Пламя свечи колыхалось, при дневном свете это казалось таким странным и торжественным, что глаза хозяйки Бривиней и в самом деле увлажнились. Прейманиете стояла, сложив руки и склонив голову, а глаза проворно обежали все, что можно было осмотреть. Бог знает, повязали ли платок вокруг шеи, под бородой не разглядишь. Чулки-то нитяные, но такие тонкие, что сквозь них просвечивают синие ногти, — ниток пожалели. Могли бы и медный крестик дать в руки старому Бривиню, сказали бы тому же Иоргису из Леяссмелтенов, он ведь часто ездит в Ригу…
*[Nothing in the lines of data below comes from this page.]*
lemma px_eq_derivative:
  "(f has_derivative f') (at (x, y)) \<Longrightarrow> px f (x, y) = f' (1, 0)"
  by (simp add: px_def DERIV_imp_deriv has_derivative_imp_partial_x)

lemma py_eq_derivative:
  "(f has_derivative f') (at (x, y)) \<Longrightarrow> py f (x, y) = f' (0, 1)"
  by (simp add: py_def DERIV_imp_deriv has_derivative_imp_partial_y)

lemma px_has_real_derivative:
  "f differentiable (at (x, y)) \<Longrightarrow> ((\<lambda>s. f (s, y)) has_real_derivative px f (x, y)) (at x)"
  unfolding differentiable_def using has_derivative_imp_partial_x px_eq_derivative by metis

lemma py_has_real_derivative:
  "f differentiable (at (x, y)) \<Longrightarrow> ((\<lambda>t. f (x, t)) has_real_derivative py f (x, y)) (at y)"
  by (metis differentiable_def has_derivative_imp_partial_y py_eq_derivative)

lemma px_comp_swap: "px (f \<circ> prod.swap) = py f \<circ> prod.swap"
  by (simp add: px_def py_def fun_eq_iff)

lemma py_comp_swap: "py (f \<circ> prod.swap) = px f \<circ> prod.swap"
  by (simp add: px_def py_def fun_eq_iff)

lemma second_difference_mean_value_py_px:
  fixes f :: "real \<times> real \<Rightarrow> real"
  assumes "h > 0"
    and fx: "\<And>s t. x \<le> s \<Longrightarrow> s \<le> x + h \<Longrightarrow> y \<le> t \<Longrightarrow> t \<le> y + h \<Longrightarrow>
               ((\<lambda>r. f (r, t)) has_real_derivative px f (s, t)) (at s)"
    and fxy: "\<And>s t. x \<le> s \<Longrightarrow> s \<le> x + h \<Longrightarrow> y \<le> t \<Longrightarrow> t \<le> y + h \<Longrightarrow>
               ((\<lambda>r. px f (s, r)) has_real_derivative py (px f) (s, t)) (at t)"
  obtains \<xi> \<eta> where "x < \<xi>" "\<xi> < x + h" "y < \<eta>" "\<eta> < y + h"
    and "f (x + h, y + h) - f (x + h, y) - f (x, y + h) + f (x, y) = h\<^sup>2 * py (px f) (\<xi>, \<eta>)"
proof -
  have "\<exists>\<xi>. x < \<xi> \<and> \<xi> < x + h \<and>
      (f (x + h, y + h) - f (x + h, y)) - (f (x, y + h) - f (x, y))
        = (x + h - x) * (px f (\<xi>, y + h) - px f (\<xi>, y))"
    by (rule MVT2[where f="\<lambda>s. f (s, y + h) - f (s, y)"])
       (use \<open>h > 0\<close> in \<open>auto intro!: DERIV_diff fx\<close>)
  then obtain \<xi> where \<xi>: "x < \<xi>" "\<xi> < x + h"
    and "f (x + h, y + h) - f (x + h, y) - f (x, y + h) + f (x, y)
           = h * (px f (\<xi>, y + h) - px f (\<xi>, y))"
    by (auto simp: algebra_simps)
  moreover have "\<exists>\<eta>. y < \<eta> \<and> \<eta> < y + h \<and>
      px f (\<xi>, y + h) - px f (\<xi>, y) = (y + h - y) * py (px f) (\<xi>, \<eta>)"
    by (rule MVT2[where f="\<lambda>t. px f (\<xi>, t)"]) (use \<open>h > 0\<close> \<xi> in \<open>auto intro!: fxy\<close>)
  ultimately show ?thesis
    using that by (auto simp: power2_eq_square)
qed

lemma second_difference_mean_value_px_py:
  fixes f :: "real \<times> real \<Rightarrow> real"
  assumes "h > 0"
    and fy: "\<And>s t. x \<le> s \<Longrightarrow> s \<le> x + h \<Longrightarrow> y \<le> t \<Longrightarrow> t \<le> y + h \<Longrightarrow>
               ((\<lambda>r. f (s, r)) has_real_derivative py f (s, t)) (at t)"
    and fyx: "\<And>s t. x \<le> s \<Longrightarrow> s \<le> x + h \<Longrightarrow> y \<le> t \<Longrightarrow> t \<le> y + h \<Longrightarrow>
               ((\<lambda>r. py f (r, t)) has_real_derivative px (py f) (s, t)) (at s)"
  obtains \<xi> \<eta> where "x < \<xi>" "\<xi> < x + h" "y < \<eta>" "\<eta> < y + h"
    and "f (x + h, y + h) - f (x + h, y) - f (x, y + h) + f (x, y) = h\<^sup>2 * px (py f) (\<xi>, \<eta>)"
proof -
  obtain \<eta> \<xi> where "y < \<eta>" "\<eta> < y + h" "x < \<xi>" "\<xi> < x + h"
    and "(f \<circ> prod.swap) (y + h, x + h) - (f \<circ> prod.swap) (y + h, x)
           - (f \<circ> prod.swap) (y, x + h) + (f \<circ> prod.swap) (y, x)
         = h\<^sup>2 * py (px (f \<circ> prod.swap)) (\<eta>, \<xi>)"
    by (rule second_difference_mean_value_py_px[of h y x "f \<circ> prod.swap"])
       (use assms in \<open>simp_all add: px_comp_swap py_comp_swap\<close>)
  then show ?thesis
    using that by (simp add: px_comp_swap py_comp_swap)
qed

lemma dist_small_square:
  fixes s t x y h :: real
  assumes "x \<le> s" "s \<le> x + h" "y \<le> t" "t \<le> y + h"
  shows "dist (s, t) (x, y) \<le> 2 * h"
  using sqrt_sum_squares_le_sum_abs[of "s - x" "t - y"] assms
  by (simp add: dist_Pair_Pair dist_real_def)

lemma mixed_partials_meet_in_square:
  fixes f :: "real \<times> real \<Rightarrow> real"
  assumes "h > 0"
    and diff: "\<And>s t. x \<le> s \<Longrightarrow> s \<le> x + h \<Longrightarrow> y \<le> t \<Longrightarrow> t \<le> y + h \<Longrightarrow>
                 f differentiable (at (s, t)) \<and> px f differentiable (at (s, t)) \<and> py f differentiable (at (s, t))"
  obtains \<xi> \<eta> \<xi>' \<eta>' where "dist (\<xi>, \<eta>) (x, y) \<le> 2 * h" "dist (\<xi>', \<eta>') (x, y) \<le> 2 * h"
    and "py (px f) (\<xi>, \<eta>) = px (py f) (\<xi>', \<eta>')"
proof -
  obtain \<xi> \<eta> where "x < \<xi>" "\<xi> < x + h" "y < \<eta>" "\<eta> < y + h"
    and \<Delta>: "f (x + h, y + h) - f (x + h, y) - f (x, y + h) + f (x, y) = h\<^sup>2 * py (px f) (\<xi>, \<eta>)"
    by (rule second_difference_mean_value_py_px[where f = f and x = x and y = y, OF \<open>h > 0\<close>])
       (simp_all add: diff px_has_real_derivative py_has_real_derivative)
  moreover obtain \<xi>' \<eta>' where "x < \<xi>'" "\<xi>' < x + h" "y < \<eta>'" "\<eta>' < y + h"
    and \<Delta>': "f (x + h, y + h) - f (x + h, y) - f (x, y + h) + f (x, y) = h\<^sup>2 * px (py f) (\<xi>', \<eta>')"
    by (rule second_difference_mean_value_px_py[where f = f and x = x and y = y, OF \<open>h > 0\<close>])
       (simp_all add: diff px_has_real_derivative py_has_real_derivative)
  moreover have "py (px f) (\<xi>, \<eta>) = px (py f) (\<xi>', \<eta>')"
    using \<Delta> \<Delta>' \<open>h > 0\<close> by simp
  ultimately show ?thesis
    by (intro that[of \<xi> \<eta> \<xi>' \<eta>']) (auto intro!: dist_small_square)
qed

lemma mixed_partials_eq:
  fixes f :: "real \<times> real \<Rightarrow> real"
  assumes U: "open U" "(x, y) \<in> U"
    and diff: "f differentiable_on U" "px f differentiable_on U" "py f differentiable_on U"
    and cont: "isCont (px (py f)) (x, y)" "isCont (py (px f)) (x, y)"
  shows "px (py f) (x, y) = py (px f) (x, y)"
proof -
  have "\<bar>px (py f) (x, y) - py (px f) (x, y)\<bar> < e" if "e > 0" for e
  proof -
    obtain r where "r > 0" and r: "ball (x, y) r \<subseteq> U"
      using U openE by blast
    obtain d1 where "d1 > 0"
      and d1: "\<And>q. dist q (x, y) < d1 \<Longrightarrow> \<bar>px (py f) q - px (py f) (x, y)\<bar> < e / 2"
      using cont(1) \<open>e > 0\<close> unfolding continuous_at_eps_delta dist_real_def
      by (meson half_gt_zero)
    obtain d2 where "d2 > 0"
      and d2: "\<And>q. dist q (x, y) < d2 \<Longrightarrow> \<bar>py (px f) q - py (px f) (x, y)\<bar> < e / 2"
      using cont(2) \<open>e > 0\<close> unfolding continuous_at_eps_delta dist_real_def
      by (meson half_gt_zero)
    define h where "h = min r (min d1 d2) / 3"
    have "h > 0" and h: "2 * h < r" "2 * h < d1" "2 * h < d2"
      using \<open>r > 0\<close> \<open>d1 > 0\<close> \<open>d2 > 0\<close> by (auto simp: h_def min_def)
    have "f differentiable (at (s, t)) \<and> px f differentiable (at (s, t)) \<and> py f differentiable (at (s, t))"
      if "x \<le> s" "s \<le> x + h" "y \<le> t" "t \<le> y + h" for s t
    proof -
      have "(s, t) \<in> U"
        using r dist_small_square[OF that] h by (auto simp: dist_commute)
      then show ?thesis
        using diff by (simp add: differentiable_on_eq_differentiable_at[OF U(1)])
    qed
    then obtain \<xi> \<eta> \<xi>' \<eta>' where "dist (\<xi>, \<eta>) (x, y) \<le> 2 * h" "dist (\<xi>', \<eta>') (x, y) \<le> 2 * h"
      and "py (px f) (\<xi>, \<eta>) = px (py f) (\<xi>', \<eta>')"
      by (rule mixed_partials_meet_in_square[where f = f and x = x and y = y, OF \<open>h > 0\<close>])
    then show ?thesis
      using d1[of "(\<xi>', \<eta>')"] d2[of "(\<xi>, \<eta>)"] h by linarith
  qed
  then show ?thesis
    by (metis less_irrefl zero_less_abs_iff eq_iff_diff_eq_0)
qed

lemma polar_angle_derivative:
  fixes a b \<theta> :: "'a::real_normed_vector \<Rightarrow> real"
  assumes a: "(a has_derivative a') (at x)" and b: "(b has_derivative b') (at x)"
    and \<theta>: "(\<theta> has_derivative \<theta>') (at x)"
    and S: "open S" "x \<in> S"
    and angle: "\<forall>y\<in>S. cos (\<theta> y) = a y / sqrt ((a y)\<^sup>2 + (b y)\<^sup>2) \<and> sin (\<theta> y) = b y / sqrt ((a y)\<^sup>2 + (b y)\<^sup>2)"
    and nonzero: "(a x)\<^sup>2 + (b x)\<^sup>2 \<noteq> 0"
  shows "\<theta>' h = (a x * b' h - b x * a' h) / ((a x)\<^sup>2 + (b x)\<^sup>2)"
proof -
  define g where "g y = a y * sin (\<theta> y) - b y * cos (\<theta> y)" for y
  have "(g has_derivative (\<lambda>h. (a x * (\<theta>' h * cos (\<theta> x)) + a' h * sin (\<theta> x))
                            - (b x * (\<theta>' h * - sin (\<theta> x)) + b' h * cos (\<theta> x)))) (at x)"
    unfolding g_def
    by (intro has_derivative_diff has_derivative_mult has_derivative_sin has_derivative_cos a b \<theta>)
  moreover have "(g has_derivative (\<lambda>h. 0)) (at x)"
  proof (rule has_derivative_transform_within_open[OF has_derivative_const S])
    show "0 = g y" if "y \<in> S" for y
      using angle that by (simp add: g_def field_simps)
  qed
  ultimately have "(\<lambda>h. (a x * (\<theta>' h * cos (\<theta> x)) + a' h * sin (\<theta> x))
                     - (b x * (\<theta>' h * - sin (\<theta> x)) + b' h * cos (\<theta> x))) = (\<lambda>h. 0)"
    by (rule has_derivative_unique)
  from fun_cong[OF this, of h]
  have derivative_zero: "(a x * (\<theta>' h * cos (\<theta> x)) + a' h * sin (\<theta> x))
          - (b x * (\<theta>' h * - sin (\<theta> x)) + b' h * cos (\<theta> x)) = 0"
    by simp
  define R where "R = sqrt ((a x)\<^sup>2 + (b x)\<^sup>2)"
  have "R > 0"
    using nonzero by (simp add: R_def add_nonneg_nonneg order_le_neq_trans)
  then have polar: "R * cos (\<theta> x) = a x" "R * sin (\<theta> x) = b x"
    using angle S by (auto simp: R_def)
  have "0 = R * ((a x * (\<theta>' h * cos (\<theta> x)) + a' h * sin (\<theta> x))
                  - (b x * (\<theta>' h * - sin (\<theta> x)) + b' h * cos (\<theta> x)))"
    by (simp only: derivative_zero mult_zero_right)
  also have "\<dots> = \<theta>' h * (a x * (R * cos (\<theta> x)) + b x * (R * sin (\<theta> x)))
                   + a' h * (R * sin (\<theta> x)) - b' h * (R * cos (\<theta> x))"
    by (simp add: algebra_simps)
  also have "\<dots> = \<theta>' h * ((a x)\<^sup>2 + (b x)\<^sup>2) - (a x * b' h - b x * a' h)"
    by (simp add: polar power2_eq_square algebra_simps)
  finally show ?thesis
    using nonzero by (simp add: field_simps)
qed

lemma has_derivative_minus_inverse_sqrt_sum_squares:
  fixes a b :: "'a::real_normed_vector \<Rightarrow> real"
  assumes "(a has_derivative a') (at x)" and "(b has_derivative b') (at x)"
    and "(a x)\<^sup>2 + (b x)\<^sup>2 \<noteq> 0"
  shows "((\<lambda>y. - 1 / sqrt ((a y)\<^sup>2 + (b y)\<^sup>2)) has_derivative
           (\<lambda>h. (a x * a' h + b x * b' h) / sqrt ((a x)\<^sup>2 + (b x)\<^sup>2) ^ 3)) (at x)"
proof -
  define q where "q = (a x)\<^sup>2 + (b x)\<^sup>2"
  have "q > 0"
    using assms(3) by (simp add: q_def add_nonneg_nonneg order_le_neq_trans)
  have "DERIV (\<lambda>t. - 1 / sqrt t) q :> (0 * sqrt q - (- 1) * (inverse (sqrt q) / 2)) / (sqrt q * sqrt q)"
    using \<open>q > 0\<close> by (intro DERIV_divide DERIV_const DERIV_real_sqrt) simp_all
  moreover have "(0 * sqrt q - (- 1) * (inverse (sqrt q) / 2)) / (sqrt q * sqrt q) = 1 / (2 * sqrt q ^ 3)"
    using \<open>q > 0\<close> by (simp add: field_simps power3_eq_cube)
  ultimately have outer: "DERIV (\<lambda>t. - 1 / sqrt t) q :> 1 / (2 * sqrt q ^ 3)"
    by simp
  have inner: "((\<lambda>y. (a y)\<^sup>2 + (b y)\<^sup>2) has_derivative (\<lambda>h. 2 * a' h * a x + 2 * b' h * b x)) (at x)"
    using has_derivative_add[OF has_derivative_power[OF assms(1)] has_derivative_power[OF assms(2)], of 2 2]
    by simp
  from DERIV_compose_FDERIV[OF outer[unfolded q_def] inner]
  show ?thesis
    by (rule has_derivative_eq_rhs) (use \<open>q > 0\<close> in \<open>simp add: fun_eq_iff q_def[symmetric] field_simps\<close>)
qed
Андр красиво убрал клеть березками, которые начали уже горьковато пахнуть. Дверь нужно оставить приотворенной так, чтобы и проветривалось и чтобы не влезла чужая кошка. Прейманиете вспомнила, что покойник когда-то обещал Прейману заплатить за две кожаных седелки деньгами и дать в придачу треть пуры конопляного семени. Деньги отдал, но конопля в том году не уродилась, а потом позабыл. Ну что ж, там каждому зачтется — и добро и зло…
Под вечер Бривинь привез новый гроб. Слегка подвыпивший, оживленный, он ловко спрыгнул с телеги и хлопнул ладонью по крышке. Женщины вышли посмотреть. Это был невиданно роскошный гроб, обитый черной материей с белой зубчатой оборкой по краю крышки. Ручки и ножки оклеены серебряной бумагой, на крышке серебряное распятие. Девушки только ахали от удивления.
— Сколько же стоит? — тихо спросила хозяйка.
— Шесть рублей, — так же тихо ответил Бривинь и, улыбнувшись, погладил бороду.
Лизбете тоже едва не улыбнулась, но вовремя спохватилась. Глаза у нее красные, но во всем теле и в движениях какая-то особенная легкость, какая-то живость, будто сброшена наконец давнишняя тяжелая ноша.
Либа Лейкарт с воодушевлением отмывала угол, где прежде лежал старик, — совсем трухлявая и изгрызенная древоточцами кровать уже выброшена на поленницу — такую только на дрова. Оказалось, что старик, скотина, иногда тайком плевал и за кровать — всю стену пришлось оттирать голиком да золой и ошпарить кипятком. В другое бы время Либа морщилась, бранилась и жаловалась на тошноту, а теперь думала только о том, как будущей зимой ее кровать будет стоять в этом лучшем углу комнаты, прямо напротив окна, и как при ярком свете по воскресеньям будет красоваться на ней новое одеяло с полосками цвета зеленого мха.